Records to process:
(* Assume the setting in the context (in particular the Causal Faithfulness Condition). Let $x_i,x_j,x_k,x_u\in X$ be distinct. Suppose that $x_k$ is a parent of $x_i$ or a parent of $x_j$, that $x_u$ is an ancestor of $x_i$, and that $x_u\perp\!\!\!\perp x_k\mid x_i$. Then $x_k$ is a parent of $x_j$.
   Context: Model: $X$ is a finite set of observed random variables and $U$ a finite set of unobserved random variables; $V=X\cup U$ and $G=(V,E)$ is a DAG on $V$. Each $v_i\in V$ satisfies $v_i=\sum_{x_j\in \mathrm{pa}(v_i)\cap X} f^{(i)}_j(x_j)+\sum_{u_k\in\mathrm{pa}(v_i)\cap U} f^{(i)}_k(u_k)+n_i$, where the $f$'s are nonlinear functions and the external noises $n_i$ are jointly independent. "Parent", "ancestor", "path", "d-separation" refer to $G$. Causal Faithfulness Condition (CFC): any conditional independence among variables of $V$ that is not entailed by d-separation in $G$ does not hold. $\perp\!\!\!\perp$ denotes statistical independence. *)

theory Defs
  imports "HOL-Probability.Probability"
begin

definition parent :: "('v \<times> 'v) set \<Rightarrow> 'v \<Rightarrow> 'v \<Rightarrow> bool" where
  "parent E a b \<longleftrightarrow> (a, b) \<in> E"

definition ancestor :: "('v \<times> 'v) set \<Rightarrow> 'v \<Rightarrow> 'v \<Rightarrow> bool" where
  "ancestor E a b \<longleftrightarrow> (a, b) \<in> E\<^sup>+"

definition is_DAG :: "'v set \<Rightarrow> ('v \<times> 'v) set \<Rightarrow> bool" where
  "is_DAG V E \<longleftrightarrow> finite V \<and> E \<subseteq> V \<times> V \<and> acyclic E"

definition is_path :: "('v \<times> 'v) set \<Rightarrow> 'v list \<Rightarrow> bool" where
  "is_path E p \<longleftrightarrow> p \<noteq> [] \<and> distinct p \<and>
     (\<forall>i. Suc i < length p \<longrightarrow> (p ! i, p ! Suc i) \<in> E \<or> (p ! Suc i, p ! i) \<in> E)"

definition collider :: "('v \<times> 'v) set \<Rightarrow> 'v list \<Rightarrow> nat \<Rightarrow> bool" where
  "collider E p i \<longleftrightarrow> 0 < i \<and> Suc i < length p \<and>
     (p ! (i - 1), p ! i) \<in> E \<and> (p ! Suc i, p ! i) \<in> E"

definition d_connecting :: "('v \<times> 'v) set \<Rightarrow> 'v list \<Rightarrow> 'v set \<Rightarrow> bool" where
  "d_connecting E p Z \<longleftrightarrow> is_path E p \<and>
     (\<forall>i. 0 < i \<and> Suc i < length p \<longrightarrow>
        (collider E p i \<longrightarrow> (\<exists>z\<in>Z. (p ! i, z) \<in> E\<^sup>*)) \<and>
        (\<not> collider E p i \<longrightarrow> p ! i \<notin> Z))"

definition d_separated :: "('v \<times> 'v) set \<Rightarrow> 'v set \<Rightarrow> 'v set \<Rightarrow> 'v set \<Rightarrow> bool" where
  "d_separated E A B Z \<longleftrightarrow>
     (\<forall>p. d_connecting E p Z \<longrightarrow> \<not> (hd p \<in> A \<and> last p \<in> B))"

definition gen_sigma :: "'a measure \<Rightarrow> ('v \<Rightarrow> 'a \<Rightarrow> real) \<Rightarrow> 'v set \<Rightarrow> 'a measure" where
  "gen_sigma M val S =
     vimage_algebra (space M) (\<lambda>\<omega>. restrict (\<lambda>v. val v \<omega>) S) (PiM S (\<lambda>_. borel))"

definition cond_indep_sa :: "'a measure \<Rightarrow> 'a measure \<Rightarrow> 'a measure \<Rightarrow> 'a measure \<Rightarrow> bool" where
  "cond_indep_sa M F G H \<longleftrightarrow>
     (\<forall>A\<in>sets F. \<forall>B\<in>sets G. AE \<omega> in M.
        real_cond_exp M H (indicator (A \<inter> B)) \<omega> =
        real_cond_exp M H (indicator A) \<omega> * real_cond_exp M H (indicator B) \<omega>)"

definition cond_indep :: "'a measure \<Rightarrow> ('v \<Rightarrow> 'a \<Rightarrow> real) \<Rightarrow> 'v set \<Rightarrow> 'v set \<Rightarrow> 'v set \<Rightarrow> bool" where
  "cond_indep M val A B C \<longleftrightarrow>
     cond_indep_sa M (gen_sigma M val A) (gen_sigma M val B) (gen_sigma M val C)"

definition nonlinear :: "(real \<Rightarrow> real) \<Rightarrow> bool" where
  "nonlinear g \<longleftrightarrow> \<not> (\<exists>a b. \<forall>x. g x = a * x + b)"

(* additive nonlinear SEM on DAG (V,E), V = X \<union> U with X observed, U unobserved;
   f i j is the function applied to parent j in the equation of v_i *)
definition additive_SEM ::
  "'a measure \<Rightarrow> 'v set \<Rightarrow> 'v set \<Rightarrow> ('v \<times> 'v) set \<Rightarrow> ('v \<Rightarrow> 'a \<Rightarrow> real)
     \<Rightarrow> ('v \<Rightarrow> 'v \<Rightarrow> real \<Rightarrow> real) \<Rightarrow> ('v \<Rightarrow> 'a \<Rightarrow> real) \<Rightarrow> bool" where
  "additive_SEM M X U E val f noise \<longleftrightarrow>
     prob_space M \<and> finite X \<and> finite U \<and> X \<inter> U = {} \<and> is_DAG (X \<union> U) E \<and>
     (\<forall>v\<in>X \<union> U. val v \<in> borel_measurable M \<and> noise v \<in> borel_measurable M) \<and>
     prob_space.indep_vars M (\<lambda>_. borel) noise (X \<union> U) \<and>
     (\<forall>i\<in>X \<union> U. \<forall>j. (j, i) \<in> E \<longrightarrow> f i j \<in> borel_measurable borel \<and> nonlinear (f i j)) \<and>
     (\<forall>i\<in>X \<union> U. \<forall>\<omega>\<in>space M.
        val i \<omega> = (\<Sum>j\<in>{j\<in>X. (j, i) \<in> E}. f i j (val j \<omega>))
                 + (\<Sum>k\<in>{k\<in>U. (k, i) \<in> E}. f i k (val k \<omega>)) + noise i \<omega>)"

definition CFC :: "'a measure \<Rightarrow> 'v set \<Rightarrow> ('v \<times> 'v) set \<Rightarrow> ('v \<Rightarrow> 'a \<Rightarrow> real) \<Rightarrow> bool" where
  "CFC M V E val \<longleftrightarrow>
     (\<forall>A B C. A \<subseteq> V \<longrightarrow> B \<subseteq> V \<longrightarrow> C \<subseteq> V \<longrightarrow>
        A \<inter> B = {} \<longrightarrow> A \<inter> C = {} \<longrightarrow> B \<inter> C = {} \<longrightarrow>
        cond_indep M val A B C \<longrightarrow> d_separated E A B C)"

end

(* Suppose xk is not a parent of xj, so xk -> xi. Take a directed path from xu to xi.
   If xk lies on it, the segment from xu to xk is a directed path without colliders
   that avoids xi; otherwise appending the edge xi <- xk gives a path whose only
   collider is xi itself. Either way xu and xk are d-connected given {xi}, so by
   faithfulness they cannot be conditionally independent given xi. *)

theory Submission
  imports Defs
begin

abbreviation directed_walk :: "('v \<times> 'v) set \<Rightarrow> 'v list \<Rightarrow> bool" where
  "directed_walk E \<equiv> successively (\<lambda>x y. (x, y) \<in> E)"

lemma trancl_imp_directed_walk:
  assumes "(a, b) \<in> E\<^sup>+"
  obtains ps where "directed_walk E (a # ps @ [b])"
  using assms
proof (induction arbitrary: thesis rule: trancl_induct)
  case (base b)
  then show ?case using base.prems[of "[]"] by simp
next
  case (step b c)
  then obtain ps where "directed_walk E (a # ps @ [b])" by blast
  with step.hyps(2) have "directed_walk E ((a # ps @ [b]) @ [c])"
    unfolding successively_append_iff by simp
  then show ?case using step.prems[of "ps @ [b]"] by simp
qed

lemma directed_walk_trancl:
  assumes "directed_walk E (a # ps @ [b])"
  shows "(a, b) \<in> E\<^sup>+"
  using assms
proof (induction ps arbitrary: a)
  case Nil
  then show ?case by auto
next
  case (Cons x ps)
  then have "(a, x) \<in> E" and "directed_walk E (x # ps @ [b])" by simp_all
  then show ?case using Cons.IH by (blast intro: trancl_into_trancl2)
qed

lemma directed_walk_distinct:
  assumes "acyclic E" and "directed_walk E p"
  shows "distinct p"
proof (rule ccontr)
  assume "\<not> distinct p"
  then obtain xs a ys zs where p: "p = xs @ a # ys @ a # zs"
    by (metis append_Cons append_Nil not_distinct_decomp)
  with assms(2) have "directed_walk E (xs @ (a # ys @ [a]) @ zs)" by simp
  then have "directed_walk E (a # ys @ [a])"
    by (simp only: successively_append_iff)
  then have "(a, a) \<in> E\<^sup>+" by (rule directed_walk_trancl)
  with assms(1) show False unfolding acyclic_def by blast
qed

lemma directed_walk_not_collider:
  assumes "acyclic E" and "directed_walk E p"
  shows "\<not> collider E p i"
proof
  assume "collider E p i"
  then have "(p ! Suc i, p ! i) \<in> E" and "Suc i < length p"
    unfolding collider_def by auto
  moreover from assms(2) \<open>Suc i < length p\<close> have "(p ! i, p ! Suc i) \<in> E"
    by (rule successively_nth)
  ultimately have "(p ! i, p ! i) \<in> E\<^sup>+" by (meson trancl.intros)
  with assms(1) show False unfolding acyclic_def by blast
qed

lemma nth_mem_set_tl:
  assumes "0 < i" and "i < length xs"
  shows "xs ! i \<in> set (tl xs)"
proof -
  have "xs ! i = tl xs ! (i - 1)" using assms by (simp add: nth_tl)
  moreover have "i - 1 < length (tl xs)" using assms by simp
  ultimately show ?thesis by simp
qed

lemma nth_mem_interior:
  assumes "0 < i" and "Suc i < length p"
  shows "p ! i \<in> set (tl (butlast p))"
  using nth_mem_set_tl[of i "butlast p"] assms by (simp add: nth_butlast)

lemma directed_walk_d_connecting:
  assumes "acyclic E" and "directed_walk E p" and "p \<noteq> []"
    and "set (tl (butlast p)) \<inter> Z = {}"
  shows "d_connecting E p Z"
proof -
  have "is_path E p"
    unfolding is_path_def
    using assms(3) directed_walk_distinct[OF assms(1,2)] successively_nth[OF assms(2)] by blast
  moreover have "p ! i \<notin> Z" if "0 < i" "Suc i < length p" for i
    using nth_mem_interior[OF that] assms(4) by blast
  ultimately show ?thesis
    unfolding d_connecting_def using directed_walk_not_collider[OF assms(1,2)] by blast
qed

lemma directed_walk_collider_d_connecting:
  assumes "acyclic E" and "directed_walk E (ps @ [c])" and "(k, c) \<in> E"
    and "k \<notin> set (ps @ [c])" and "\<exists>z\<in>Z. (c, z) \<in> E\<^sup>*"
    and "set (tl ps) \<inter> Z = {}"
  shows "d_connecting E (ps @ [c, k]) Z"
proof -
  let ?q = "ps @ [c, k]"
  have q_prefix: "?q ! i = (ps @ [c]) ! i" if "i < Suc (length ps)" for i
    using that by (simp add: nth_append)
  have adj: "(?q ! i, ?q ! Suc i) \<in> E" if "i < length ps" for i
    using successively_nth[OF assms(2), of i] that q_prefix[of i] q_prefix[of "Suc i"] by simp
  have "is_path E ?q"
    unfolding is_path_def
  proof (intro conjI allI impI)
    show "distinct ?q"
      using directed_walk_distinct[OF assms(1,2)] assms(4) by auto
  next
    fix i assume "Suc i < length ?q"
    then consider "i < length ps" | "i = length ps" by fastforce
    then show "(?q ! i, ?q ! Suc i) \<in> E \<or> (?q ! Suc i, ?q ! i) \<in> E"
      by cases (use adj assms(3) in \<open>auto simp: nth_append\<close>)
  qed simp
  moreover have "(collider E ?q i \<longrightarrow> (\<exists>z\<in>Z. (?q ! i, z) \<in> E\<^sup>*)) \<and>
      (\<not> collider E ?q i \<longrightarrow> ?q ! i \<notin> Z)" if "0 < i" "Suc i < length ?q" for i
  proof (cases "i < length ps")
    case True
    then have "collider E ?q i \<longleftrightarrow> collider E (ps @ [c]) i"
      unfolding collider_def using q_prefix by auto
    then have "\<not> collider E ?q i"
      using directed_walk_not_collider[OF assms(1,2)] by blast
    moreover have "?q ! i \<in> set (tl ps)"
      using nth_mem_set_tl[OF that(1) True] True by (simp add: nth_append)
    ultimately show ?thesis using assms(6) by blast
  next
    case False
    then have i: "i = length ps" using that by simp
    with that(1) have "collider E ?q i"
      using adj[of "i - 1"] assms(3) unfolding collider_def by (simp add: nth_append)
    then show ?thesis using assms(5) i by simp
  qed
  ultimately show ?thesis unfolding d_connecting_def by blast
qed

theorem corollary2:
  fixes M :: "'a measure" and X U :: "'v set" and E :: "('v \<times> 'v) set"
    and val noise :: "'v \<Rightarrow> 'a \<Rightarrow> real" and f :: "'v \<Rightarrow> 'v \<Rightarrow> real \<Rightarrow> real"
    and xi xj xk xu :: 'v
  assumes "additive_SEM M X U E val f noise"
    and "CFC M (X \<union> U) E val"
    and "xi \<in> X" "xj \<in> X" "xk \<in> X" "xu \<in> X"
    and "distinct [xi, xj, xk, xu]"
    and "parent E xk xi \<or> parent E xk xj"
    and "ancestor E xu xi"
    and "cond_indep M val {xu} {xk} {xi}"
  shows "parent E xk xj"
proof (rule ccontr)
  assume "\<not> parent E xk xj"
  with assms(8) have ki: "(xk, xi) \<in> E" unfolding parent_def by blast
  from assms(1) have acyc: "acyclic E" unfolding additive_SEM_def is_DAG_def by blast
  from assms(2-7,10) have sep: "d_separated E {xu} {xk} {xi}" unfolding CFC_def by simp
  from assms(9) obtain ps where walk: "directed_walk E (xu # ps @ [xi])"
    unfolding ancestor_def by (rule trancl_imp_directed_walk)
  have "distinct (xu # ps @ [xi])" using directed_walk_distinct[OF acyc walk] .
  then have xi_fresh: "xi \<notin> set (xu # ps)" by auto
  have "\<exists>q. d_connecting E q {xi} \<and> hd q = xu \<and> last q = xk"
  proof (cases "xk \<in> set ps")
    case True
    \<comment> \<open>The prefix of the walk ending in xk has no colliders and avoids xi.\<close>
    then obtain ys zs where ps: "ps = ys @ xk # zs" by (meson split_list)
    let ?q = "xu # ys @ [xk]"
    from walk have "directed_walk E (?q @ zs @ [xi])" unfolding ps by simp
    then have "directed_walk E ?q" by (simp only: successively_append_iff)
    moreover have "set (tl (butlast ?q)) \<inter> {xi} = {}"
      using xi_fresh unfolding ps by (simp add: butlast_append)
    ultimately have "d_connecting E ?q {xi}"
      by (intro directed_walk_d_connecting[OF acyc]) simp_all
    then show ?thesis by (intro exI[of _ ?q]) simp
  next
    case False
    \<comment> \<open>Then xu -> ... -> xi <- xk is d-connecting: its only collider xi is conditioned on.\<close>
    then have "xk \<notin> set ((xu # ps) @ [xi])" using assms(7) by auto
    with walk have "d_connecting E ((xu # ps) @ [xi, xk]) {xi}"
      using xi_fresh ki by (intro directed_walk_collider_d_connecting[OF acyc]) auto
    then show ?thesis by (intro exI[of _ "(xu # ps) @ [xi, xk]"]) simp
  qed
  with sep show False unfolding d_separated_def by blast
qed

end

Exercise description:
Would you please write out, exactly and with no other lines, the stretch of the listing above from the line containing "prob_space.indep_vars M (\<lambda>_." through the line containing "(\<forall>i\<in>X \<union> U. \<forall>\<omega>\<in>space"?

Finished exercise:
     prob_space.indep_vars M (\<lambda>_. borel) noise (X \<union> U) \<and>
     (\<forall>i\<in>X \<union> U. \<forall>j. (j, i) \<in> E \<longrightarrow> f i j \<in> borel_measurable borel \<and> nonlinear (f i j)) \<and>
     (\<forall>i\<in>X \<union> U. \<forall>\<omega>\<in>space M.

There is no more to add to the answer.